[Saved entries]
○ ○ ○ ○ ○ ○ ○
lemma absop_absop: "absop T (absop T x) = adj T (T x)"
proof -
  have "absop T (absop T x) = cfc (adj T \<circ> T) (\<lambda>s. sqrt s * sqrt s) x"
    unfolding absop_def by (rule cfc_mult[OF posop_adj_comp[OF T], symmetric]) (intro continuous_intros)+
  also have "cfc (adj T \<circ> T) (\<lambda>s. sqrt s * sqrt s) = cfc (adj T \<circ> T) (\<lambda>s. s)"
    by (rule cfc_cong[OF posop_adj_comp[OF T]]) simp
  finally show ?thesis by (simp add: cfc_id[OF posop_adj_comp[OF T]])
qed

lemma norm_absop: "norm (absop T x) = norm (T x)"
proof -
  have "cinner (absop T (absop T x)) x = cinner (absop T x) (absop T x)"
    by (rule selfadj_cinner[OF posop_selfadj[OF posop_absop]])
  then have "(norm (absop T x))\<^sup>2 = Re (cinner (absop T (absop T x)) x)"
    by (simp only: cinner_self_Re)
  also have "\<dots> = (norm (T x))\<^sup>2"
    by (simp add: absop_absop cinner_adj_left[OF T] cinner_commute[of x] cinner_self_Re)
  finally show ?thesis by (simp add: power2_eq_iff_nonneg)
qed

lemma onorm_absop_le: "onorm (absop T) \<le> onorm T"
  by (rule onorm_bound) (simp_all add: norm_absop norm_bop_le[OF T] onorm_bop_nonneg[OF T])

end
○ ○ ○ ○ ○ ○ ○
Your objective » Going through the data above, please tally the lines that contain the string "circ" and return only the total.

Problem solution » 2